Commentators are expressing concerns about the real effects of this budget on living standards and welfare in the UK. The success of the government's welfare measures and the extent to which increased growth raises total household income across the country will be critical. While some clarity and direction have emerged, many feel that this is just the beginning, but it is a moving in a positive direction. A strong market recovery is possible, and the government are supportive of the required action to make this happen, creating a very interesting investment opportunity.
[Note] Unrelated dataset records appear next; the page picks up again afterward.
(* The set of periodic points of $R$ is dense in $[0,1]$, and for every integer $n\ge1$ the map $R$ has uncountably many periodic points of minimal period $n$.
   Context: Define $\rho$ on binary words: for $b=b_1b_2\dots$, $\rho(b)$ is obtained by deleting every digit $b_n=0$ and replacing every $b_n=1$ by $0$ if $n$ is odd and by $1$ if $n$ is even. For $x\in(0,1]$ let $\beta(x)$ be the unique binary expansion of $x$ with infinitely many $1$'s. Define $R:[0,1]\to[0,1]$ by $R(0)=2/3$ and, for $x\in(0,1]$, $R(x)=\sum_{n\ge1}c_n2^{-n}$ where $c=\rho(\beta(x))$. *)

theory Defs
  imports "HOL-Analysis.Analysis" "HOL-Library.Infinite_Set"
begin

text \<open>Binary words are sequences b :: nat => bool, with b k standing for the digit
  b_{k+1} of the paper (0-based indexing); True means digit 1.\<close>

text \<open>rho on a binary word with infinitely many ones: the m-th surviving digit (0-based)
  comes from the m-th one of b, at 0-based index k = enumerate {k. b k} m, i.e. paper position
  k+1; it becomes 0 if k+1 is odd and 1 if k+1 is even, i.e. 1 iff k is odd.\<close>
definition rho :: "(nat \<Rightarrow> bool) \<Rightarrow> (nat \<Rightarrow> bool)" where
  "rho b = (\<lambda>m. odd (enumerate {k. b k} m))"

definition bval :: "(nat \<Rightarrow> bool) \<Rightarrow> real" where
  "bval b = (\<Sum>k. (if b k then 1 else 0) / 2 ^ (Suc k))"

definition beta :: "real \<Rightarrow> (nat \<Rightarrow> bool)" where
  "beta x = (THE b. infinite {k. b k} \<and> (\<lambda>k. (if b k then 1 else 0) / 2 ^ (Suc k)) sums x)"

definition R :: "real \<Rightarrow> real" where
  "R x = (if x = 0 then 2/3 else bval (rho (beta x)))"

definition periodic_point :: "(real \<Rightarrow> real) \<Rightarrow> real \<Rightarrow> bool" where
  "periodic_point f x \<longleftrightarrow> (\<exists>n>0. (f ^^ n) x = x)"

definition minimal_period :: "(real \<Rightarrow> real) \<Rightarrow> nat \<Rightarrow> real \<Rightarrow> bool" where
  "minimal_period f n x \<longleftrightarrow> n > 0 \<and> (f ^^ n) x = x \<and> (\<forall>m. 0 < m \<and> m < n \<longrightarrow> (f ^^ m) x \<noteq> x)"
(* Assume Hypothesis (H1) and let $n\ge2$. Put $K_0:=(H_0-E_0)^{-1}\bar P_0$ and $E_1:=\langle\psi_0,V\psi_0\rangle$, and define recursively, for $m=1,\dots,n-2$, $$K_m:=\sum_{j=1}^{m}K_{j-1}\,(E_{m+1-j}-\delta_{jm}V)\,K_0,$$ and, for $m=2,\dots,n$, $E_m:=-\langle V\psi_0,K_{m-2}V\psi_0\rangle$, where it is assumed that $\bar P_0V\psi_0\in{\rm dom}(K_l)$ for $l=0,\dots,n-2$ (i.e. all operator products applied to $\bar P_0V\psi_0$ are well defined). Then for all $m=1,\dots,n$ $$\lim_{\lambda\downarrow0}\lambda^{-m}\Big(E(\lambda)-\sum_{k=0}^{m}E_k\lambda^k\Big)=0 .$$
   Context: Let $H_0$ and $V$ be self-adjoint operators in a Hilbert space $\mathcal H$. Hypothesis (H1): $H_0$ is bounded from below and $V$ is $H_0$-bounded; there is $\lambda_0>0$ such that for every $\lambda\in[0,\lambda_0]$ there is a simple eigenvalue $E(\lambda)$ of $H(\lambda)=H_0+\lambda V$ with eigenvector $\psi(\lambda)$; moreover $\lim_{\lambda\to0}\psi(\lambda)=\psi(0)\neq0$, $\lim_{\lambda\to0}E(\lambda)=E(0)$, and $\langle\psi(0),\psi(\lambda)\rangle=1$ for all $\lambda\in[0,\lambda_0]$. Write $E_0=E(0)$, $\psi_0=\psi(0)$, $P_0$ the orthogonal projection onto $\ker(H_0-E_0)=\mathbb C\psi_0$, $\bar P_0=1-P_0$. The operator $(H_0-E_0)^{-1}\bar P_0$ maps a vector $\xi$ to the unique $\chi\in{\rm dom}(H_0)\cap\bar P_0\mathcal H$ with $(H_0-E_0)\chi=\bar P_0\xi$, on the set of $\xi$ for which such $\chi$ exists. $\delta_{ij}$ is the Kronecker delta. *)

theory Defs
  imports "HOL-Analysis.Analysis"
begin
(* Let $\lambda>0$, $d_v>0$, $m=\lambda\pi d_v^2$, and suppose $\epsilon\ge d_v$. Then the range-vector localizability probability equals the localizability probability based on the number of visible landmarks: $$\mathbb P\big[\Delta_p(\mathbf R_{\mathbf 0},\mathbf R_{\mathbf x})>\epsilon\big]=\mathbb P[N_{\mathbf 0}\neq N_{\mathbf x}]=1-e^{-2m}I_0(2m).$$
   Context: Following the paper's model, the landmarks seen from the origin $\mathbf 0$ and those seen from a second location $\mathbf x\in\mathbb R^2$ are given by two independent homogeneous Poisson point processes $\Phi_{\mathbf 0}$ and $\Phi_{\mathbf x}$ on $\mathbb R^2$ of intensity $\lambda$. A landmark is visible from a location if its Euclidean distance to that location is at most $d_v$. $N_{\mathbf 0}$ (resp. $N_{\mathbf x}$) is the number of visible landmarks of $\Phi_{\mathbf 0}$ from $\mathbf 0$ (resp. of $\Phi_{\mathbf x}$ from $\mathbf x$). The range vector $\mathbf R_{\mathbf 0}\in\mathbb R^{N_{\mathbf 0}}$ lists the distances from $\mathbf 0$ to its visible landmarks ordered clockwise by bearing from a fixed reference direction; $\mathbf R_{\mathbf x}\in\mathbb R^{N_{\mathbf x}}$ is defined likewise relative to $\mathbf x$. For real vectors, $\Delta_p(\mathbf u,\mathbf v)=\|\mathbf u-\mathbf v\|_\infty$ if $\dim\mathbf u=\dim\mathbf v$ (equal to $0$ when both are empty) and $\infty$ otherwise. $I_0$ is the modified Bessel function of the first kind of order zero. *)

theory Defs
  imports "HOL-Probability.Probability"
begin

text \<open>The plane R^2 is modelled by the type complex (a Euclidean space of dimension 2,
  with Lebesgue measure lborel).  A point configuration is a set of points.\<close>

definition bessel_I0 :: "real \<Rightarrow> real" where
  "bessel_I0 x = (\<Sum>k. (x / 2) ^ (2 * k) / (fact k) ^ 2)"

definition count_in :: "complex set \<Rightarrow> complex set \<Rightarrow> nat" where
  "count_in S B = card (S \<inter> B)"

definition homogeneous_PPP :: "'w measure \<Rightarrow> real \<Rightarrow> ('w \<Rightarrow> complex set) \<Rightarrow> bool" where
  "homogeneous_PPP M lam Phi \<longleftrightarrow>
     (\<forall>w\<in>space M. \<forall>B. bounded B \<longrightarrow> finite (Phi w \<inter> B)) \<and>
     (\<forall>B k. B \<in> sets lborel \<and> bounded B \<longrightarrow>
        {w\<in>space M. count_in (Phi w) B = k} \<in> sets M \<and>
        measure M {w\<in>space M. count_in (Phi w) B = k}
          = exp (- lam * measure lborel B) * (lam * measure lborel B) ^ k / fact k) \<and>
     (\<forall>n (B :: nat \<Rightarrow> complex set) (k :: nat \<Rightarrow> nat).
        (\<forall>i<n. B i \<in> sets lborel \<and> bounded (B i)) \<and>
        (\<forall>i<n. \<forall>j<n. i \<noteq> j \<longrightarrow> B i \<inter> B j = {}) \<longrightarrow>
        measure M {w\<in>space M. \<forall>i<n. count_in (Phi w) (B i) = k i}
          = (\<Prod>i<n. measure M {w\<in>space M. count_in (Phi w) (B i) = k i}))"

text \<open>Events determined by the counts of Phi in finitely many bounded Borel sets
  (an intersection-stable generator of the sigma-algebra generated by Phi).\<close>
definition PPP_events :: "'w measure \<Rightarrow> ('w \<Rightarrow> complex set) \<Rightarrow> 'w set set" where
  "PPP_events M Phi =
     {{w\<in>space M. \<forall>i<n. count_in (Phi w) (B i) = k i} | n (B :: nat \<Rightarrow> complex set) (k :: nat \<Rightarrow> nat).
        \<forall>i<n. B i \<in> sets lborel \<and> bounded (B i)}"

definition independent_PPs :: "'w measure \<Rightarrow> ('w \<Rightarrow> complex set) \<Rightarrow> ('w \<Rightarrow> complex set) \<Rightarrow> bool" where
  "independent_PPs M Phi Psi \<longleftrightarrow> prob_space.indep_set M (PPP_events M Phi) (PPP_events M Psi)"

definition visible :: "real \<Rightarrow> complex \<Rightarrow> complex set \<Rightarrow> complex set" where
  "visible dv p S = {y \<in> S. dist y p \<le> dv}"

definition num_visible :: "real \<Rightarrow> complex \<Rightarrow> complex set \<Rightarrow> nat" where
  "num_visible dv p S = card (visible dv p S)"

text \<open>Clockwise bearing in [0, 2 pi) of the vector z, measured from the fixed reference
  direction with angle theta.\<close>
definition bearing :: "real \<Rightarrow> complex \<Rightarrow> real" where
  "bearing theta z = 2 * pi * frac ((theta - Arg z) / (2 * pi))"

text \<open>Range vector: distances from p to its visible landmarks, listed in clockwise order of
  bearing (ties, a null event, broken arbitrarily).\<close>
definition range_vector :: "real \<Rightarrow> real \<Rightarrow> complex \<Rightarrow> complex set \<Rightarrow> real list" where
  "range_vector theta dv p S =
     map (\<lambda>y. dist y p)
       (SOME ys. set ys = visible dv p S \<and> distinct ys \<and> sorted (map (\<lambda>y. bearing theta (y - p)) ys))"

definition Delta_p :: "real list \<Rightarrow> real list \<Rightarrow> ereal" where
  "Delta_p u v = (if length u = length v
                  then ereal (Max (insert 0 {\<bar>u ! i - v ! i\<bar> | i. i < length u}))
                  else \<infinity>)"

end

theory Submission
  imports Defs
begin

text \<open>Every visible landmark is at distance at most d_v from its observer, so for
  eps >= d_v two range vectors of equal length are never more than eps apart, while
  vectors of different lengths are at distance infinity; hence the two events coincide.
  The numbers of visible landmarks are independent Poisson variables of mean
  m = lam pi d_v^2, so they agree with probability
  sum_k (exp(-m) m^k / k!)^2 = exp(-2m) I_0(2m).\<close>

lemma visible_eq_Int_cball: "visible dv p S = S \<inter> cball p dv"
  by (auto simp: visible_def dist_commute)

lemma num_visible_eq_count_in: "num_visible dv p S = count_in S (cball p dv)"
  by (simp add: num_visible_def count_in_def visible_eq_Int_cball)

lemma finite_visible_if_homogeneous_PPP:
  assumes "homogeneous_PPP M lam Phi" and "w \<in> space M"
  shows "finite (visible dv p (Phi w))"
  using assms unfolding homogeneous_PPP_def visible_eq_Int_cball by (meson bounded_cball)

lemma range_vector_ordering:
  fixes theta :: real
  assumes "finite (visible dv p S)"
  defines "P \<equiv> \<lambda>ys. set ys = visible dv p S \<and> distinct ys
                      \<and> sorted (map (\<lambda>y. bearing theta (y - p)) ys)"
  shows "P (SOME ys. P ys)"
proof (rule someI_ex)
  obtain xs where "set xs = visible dv p S" "distinct xs"
    using finite_distinct_list[OF assms(1)] by blast
  then have "P (sort_key (\<lambda>y. bearing theta (y - p)) xs)"
    by (simp add: P_def)
  then show "\<exists>ys. P ys" ..
qed

lemma length_range_vector:
  assumes "finite (visible dv p S)"
  shows "length (range_vector theta dv p S) = num_visible dv p S"
  using range_vector_ordering[OF assms, of theta] distinct_card
  by (fastforce simp: range_vector_def num_visible_def)

lemma set_range_vector_subset:
  assumes "finite (visible dv p S)"
  shows "set (range_vector theta dv p S) \<subseteq> {0..dv}"
  using range_vector_ordering[OF assms, of theta]
  by (auto simp: range_vector_def visible_def)

lemma Delta_p_le_if_same_length:
  assumes "length u = length v" and "set u \<subseteq> {0..d}" and "set v \<subseteq> {0..d}" and "0 \<le> d"
  shows "Delta_p u v \<le> ereal d"
proof -
  have "\<bar>u ! i - v ! i\<bar> \<le> d" if "i < length u" for i
  proof -
    have "u ! i \<in> {0..d}" "v ! i \<in> {0..d}"
      using that assms(1-3) nth_mem by (metis subsetD)+
    then show ?thesis by auto
  qed
  then have "Max (insert 0 {\<bar>u ! i - v ! i\<bar> | i. i < length u}) \<le> d"
    using \<open>0 \<le> d\<close> by (subst Max_le_iff) auto
  then show ?thesis
    using assms(1) by (simp add: Delta_p_def)
qed

lemma Delta_p_gt_iff_length_neq:
  assumes "set u \<subseteq> {0..d}" and "set v \<subseteq> {0..d}" and "0 \<le> d" and "d \<le> eps"
  shows "Delta_p u v > ereal eps \<longleftrightarrow> length u \<noteq> length v"
proof (cases "length u = length v")
  case True
  then have "Delta_p u v \<le> ereal eps"
    using Delta_p_le_if_same_length[OF _ assms(1-3)] assms(4) order_trans by fastforce
  with True show ?thesis by (simp add: not_less)
qed (simp add: Delta_p_def)

lemma measure_cball_complex:
  assumes "0 \<le> r"
  shows "measure lborel (cball (c :: complex) r) = pi * r\<^sup>2"
  using content_cball[of r c] assms by (simp add: unit_ball_vol_2)

lemma homogeneous_PPP_count_in:
  assumes "homogeneous_PPP M lam Phi" and "B \<in> sets lborel" and "bounded B"
  shows "{w\<in>space M. count_in (Phi w) B = k} \<in> sets M"
    and "measure M {w\<in>space M. count_in (Phi w) B = k}
           = exp (- (lam * measure lborel B)) * (lam * measure lborel B) ^ k / fact k"
  using assms unfolding homogeneous_PPP_def by auto

lemma count_in_event_in_PPP_events:
  assumes "B \<in> sets lborel" and "bounded B"
  shows "{w\<in>space M. count_in (Phi w) B = k} \<in> PPP_events M Phi"
  unfolding PPP_events_def
  using assms by (intro CollectI exI[of _ 1] exI[of _ "\<lambda>_. B"] exI[of _ "\<lambda>_. k"]) auto

lemma independent_PPs_count_in:
  assumes "prob_space M" and "independent_PPs M Phi Psi"
    and "B \<in> sets lborel" "bounded B" and "C \<in> sets lborel" "bounded C"
  shows "measure M ({w\<in>space M. count_in (Phi w) B = k} \<inter> {w\<in>space M. count_in (Psi w) C = l})
       = measure M {w\<in>space M. count_in (Phi w) B = k} * measure M {w\<in>space M. count_in (Psi w) C = l}"
  using prob_space.indep_setD[OF assms(1) assms(2)[unfolded independent_PPs_def]
      count_in_event_in_PPP_events[OF assms(3,4)] count_in_event_in_PPP_events[OF assms(5,6)]] .

lemma summable_bessel_I0_series: "summable (\<lambda>k. (x / 2) ^ (2 * k) / (fact k)\<^sup>2 :: real)"
proof (rule summable_comparison_test)
  show "summable (\<lambda>k. inverse (fact k) * ((x / 2)\<^sup>2) ^ k :: real)"
    by (rule summable_exp)
  have "norm ((x / 2) ^ (2 * k) / (fact k)\<^sup>2) \<le> inverse (fact k) * ((x / 2)\<^sup>2) ^ k" for k
  proof -
    have "norm ((x / 2) ^ (2 * k) / (fact k)\<^sup>2) = ((x / 2)\<^sup>2) ^ k / (fact k)\<^sup>2"
      by (simp add: power_mult)
    also have "\<dots> \<le> ((x / 2)\<^sup>2) ^ k / fact k"
      by (rule divide_left_mono) (auto simp: power2_eq_square)
    finally show ?thesis
      by (simp add: field_simps)
  qed
  then show "\<exists>N. \<forall>k\<ge>N. norm ((x / 2) ^ (2 * k) / (fact k)\<^sup>2) \<le> inverse (fact k) * ((x / 2)\<^sup>2) ^ k"
    by blast
qed

lemma poisson_squares_sums_bessel_I0:
  "(\<lambda>k. (exp (- m) * m ^ k / fact k)\<^sup>2) sums (exp (- 2 * m) * bessel_I0 (2 * m))"
proof -
  have "(\<lambda>k. (exp (- m) * m ^ k / fact k)\<^sup>2)
      = (\<lambda>k. exp (- 2 * m) * ((2 * m / 2) ^ (2 * k) / (fact k)\<^sup>2))"
    by (simp add: power_mult_distrib power_divide power_mult exp_add[symmetric]
        power2_eq_square mult_ac)
  then show ?thesis
    using sums_mult[OF summable_sums[OF summable_bessel_I0_series], of "exp (- 2 * m)" "2 * m"]
    by (simp add: bessel_I0_def)
qed

lemma (in prob_space) prob_eq_sums:
  fixes X Y :: "'a \<Rightarrow> nat"
  assumes "\<And>k. {w\<in>space M. X w = k} \<in> events" and "\<And>k. {w\<in>space M. Y w = k} \<in> events"
  shows "(\<lambda>k. prob ({w\<in>space M. X w = k} \<inter> {w\<in>space M. Y w = k}))
           sums prob {w\<in>space M. X w = Y w}"
proof -
  define F where "F k = {w\<in>space M. X w = k} \<inter> {w\<in>space M. Y w = k}" for k
  have "range F \<subseteq> events" using assms by (auto simp: F_def)
  moreover have "disjoint_family F" by (auto simp: disjoint_family_on_def F_def)
  moreover have "(\<Union>k. F k) = {w\<in>space M. X w = Y w}" by (auto simp: F_def)
  ultimately show ?thesis
    using finite_measure_UNION[of F] by (simp add: F_def)
qed

lemma (in prob_space) prob_neq_independent_poisson:
  fixes X Y :: "'a \<Rightarrow> nat"
  assumes "\<And>k. {w\<in>space M. X w = k} \<in> events" and "\<And>k. {w\<in>space M. Y w = k} \<in> events"
    and "\<And>k. prob {w\<in>space M. X w = k} = exp (- m) * m ^ k / fact k"
    and "\<And>k. prob {w\<in>space M. Y w = k} = exp (- m) * m ^ k / fact k"
    and "\<And>k. prob ({w\<in>space M. X w = k} \<inter> {w\<in>space M. Y w = k})
               = prob {w\<in>space M. X w = k} * prob {w\<in>space M. Y w = k}"
  shows "prob {w\<in>space M. X w \<noteq> Y w} = 1 - exp (- 2 * m) * bessel_I0 (2 * m)"
proof -
  have "(\<lambda>k. (exp (- m) * m ^ k / fact k)\<^sup>2) sums prob {w\<in>space M. X w = Y w}"
    using prob_eq_sums[OF assms(1,2)] by (simp add: assms(3-5) power2_eq_square)
  then have "prob {w\<in>space M. X w = Y w} = exp (- 2 * m) * bessel_I0 (2 * m)"
    using poisson_squares_sums_bessel_I0 sums_unique2 by blast
  moreover have "{w\<in>space M. X w = Y w} = (\<Union>k. {w\<in>space M. X w = k} \<inter> {w\<in>space M. Y w = k})"
    by auto
  then have "{w\<in>space M. X w = Y w} \<in> events"
    using assms(1,2) by auto
  moreover have "{w\<in>space M. X w \<noteq> Y w} = space M - {w\<in>space M. X w = Y w}"
    by auto
  ultimately show ?thesis
    using prob_compl by simp
qed

theorem corollary1:
  fixes M :: "'w measure" and Phi0 Phix :: "'w \<Rightarrow> complex set"
    and lam dv eps theta m :: real and x :: complex
  assumes "prob_space M"
    and "lam > 0" and "dv > 0"
    and "m = lam * pi * dv ^ 2"
    and "eps \<ge> dv"
    and "homogeneous_PPP M lam Phi0"
    and "homogeneous_PPP M lam Phix"
    and "independent_PPs M Phi0 Phix"
  shows "measure M {w\<in>space M. Delta_p (range_vector theta dv 0 (Phi0 w))
                                         (range_vector theta dv x (Phix w)) > ereal eps}
           = measure M {w\<in>space M. num_visible dv 0 (Phi0 w) \<noteq> num_visible dv x (Phix w)} \<and>
         measure M {w\<in>space M. num_visible dv 0 (Phi0 w) \<noteq> num_visible dv x (Phix w)}
           = 1 - exp (- 2 * m) * bessel_I0 (2 * m)"
proof
  interpret prob_space M by fact
  have "Delta_p (range_vector theta dv 0 (Phi0 w)) (range_vector theta dv x (Phix w)) > ereal eps
      \<longleftrightarrow> num_visible dv 0 (Phi0 w) \<noteq> num_visible dv x (Phix w)" if "w \<in> space M" for w
  proof -
    have "finite (visible dv 0 (Phi0 w))" "finite (visible dv x (Phix w))"
      using finite_visible_if_homogeneous_PPP[OF _ that] assms(6,7) by blast+
    then show ?thesis
      using Delta_p_gt_iff_length_neq[OF set_range_vector_subset set_range_vector_subset] assms(3,5)
      by (simp add: length_range_vector)
  qed
  then show "measure M {w\<in>space M. Delta_p (range_vector theta dv 0 (Phi0 w))
                                   (range_vector theta dv x (Phix w)) > ereal eps}
      = measure M {w\<in>space M. num_visible dv 0 (Phi0 w) \<noteq> num_visible dv x (Phix w)}"
    by (intro arg_cong[where f = "measure M"] Collect_cong) auto
  have mean: "lam * measure lborel (cball c dv) = m" for c :: complex
    using assms(3,4) measure_cball_complex[of dv c] by simp
  show "prob {w\<in>space M. num_visible dv 0 (Phi0 w) \<noteq> num_visible dv x (Phix w)}
      = 1 - exp (- 2 * m) * bessel_I0 (2 * m)"
    unfolding num_visible_eq_count_in
    using homogeneous_PPP_count_in[OF assms(6)] homogeneous_PPP_count_in[OF assms(7)]
      independent_PPs_count_in[OF assms(1,8)]
    by (intro prob_neq_independent_poisson) (simp_all add: mean)
qed

end
(* Let $\mathcal{M}=\mathbb{R}^{d_{\mathbb E}}\times\mathbb{S}^{d_{\mathbb S}}\times\mathbb{H}^{d_{\mathbb H}}$ and let $(x_n,y_n)_{n=1}^N$, $x_n=(x_{\mathbb E,n},x_{\mathbb S,n},x_{\mathbb H,n})$, be points in a compact subset of $\mathcal{M}$ with labels $y_n\in\{-1,1\}$, such that $\|x_{\mathbb H,n}\|_2\le R$ for all $n$. Suppose the point set is $\varepsilon$-margin linearly separable for some $\varepsilon>0$, i.e. there are $w_{\mathbb E}\in\mathbb{R}^{d_{\mathbb E}}$ with $\|w_{\mathbb E}\|_2=\alpha_{\mathbb E}$, $b\in\mathbb{R}$, $w_{\mathbb S}\in\mathbb{R}^{d_{\mathbb S}+1}$ with $\|w_{\mathbb S}\|_2=\sqrt{C_{\mathbb S}}$, and $w_{\mathbb H}\in\mathbb{R}^{d_{\mathbb H}+1}$ with $\sqrt{[w_{\mathbb H},w_{\mathbb H}]}=\sqrt{-C_{\mathbb H}}$, such that for all $n$, $$y_n\big(w_{\mathbb E}^\top x_{\mathbb E,n}+b+\alpha_{\mathbb S}\,\mathrm{asin}(w_{\mathbb S}^\top x_{\mathbb S,n})+\alpha_{\mathbb H}\,\mathrm{asinh}([w_{\mathbb H},x_{\mathbb H,n}])\big)\ge\varepsilon,$$ and suppose moreover $\|w_{\mathbb H}\|_2\le 1/R$. Then the product space form perceptron (described below) converges in $O(1/\varepsilon^2)$ steps (number of updates).
   Context: $\mathbb{S}^{d}=\{x\in\mathbb{R}^{d+1}:\langle x,x\rangle=C_{\mathbb S}^{-1}\}$ with $C_{\mathbb S}>0$; $\mathbb{H}^{d}=\{x\in\mathbb{R}^{d+1}:[x,x]=C_{\mathbb H}^{-1},x_1>0\}$ with $C_{\mathbb H}<0$, where $[u,v]=u^\top Hv$, $H=\mathrm{diag}(-1,1,\dots,1)$. $\alpha_{\mathbb E},\alpha_{\mathbb S},\alpha_{\mathbb H}>0$ are fixed weights. The perceptron: define the kernel $K(x,x_n)=1+x_{\mathbb E}^\top x_{\mathbb E,n}+\alpha_{\mathbb S}\,\mathrm{asin}(C_{\mathbb S}x_{\mathbb S}^\top x_{\mathbb S,n})+\alpha_{\mathbb H}\,\mathrm{asin}(R^{-2}x_{\mathbb H}^\top x_{\mathbb H,n})$. Start with $g_0\equiv0$, $k=0$, $n=1$; repeatedly: if $\mathrm{sgn}(g_k(x_n))\ne y_n$ (with $\mathrm{sgn}(0)=0$), set $g_{k+1}(x)=g_k(x)+y_nK(x,x_n)$ and $k\leftarrow k+1$; then $n\leftarrow (n \bmod N)+1$. A point $x$ is classified as $\mathrm{sgn}(g_k(x))$; convergence means that after the stated number of updates no further update occurs, i.e. all training points are correctly classified. *)

theory Defs
  imports Complex_Main
begin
TAM maintains a positive outlook on the UK markets over the long term, with more stability being garnered through new leadership. The shift towards economic growth is promising, potentially assisting the neglected market in its development moving forward. With reduced uncertainty and better aligned policy we see in the UK, we believe there is significant value in small-cap UK companies and believe that the current government is taking the right steps to aid their recovery from a challenging few years. However, we remain data dependent and observe the most recent inflation print has just shown an increase by 0.3%. While unexpected, it doesn’t change TAM’s view that the budget is well positioned to compliment the BOE’s pursuit of bringing inflation down over time, and our longterm view on the UK remains consistent.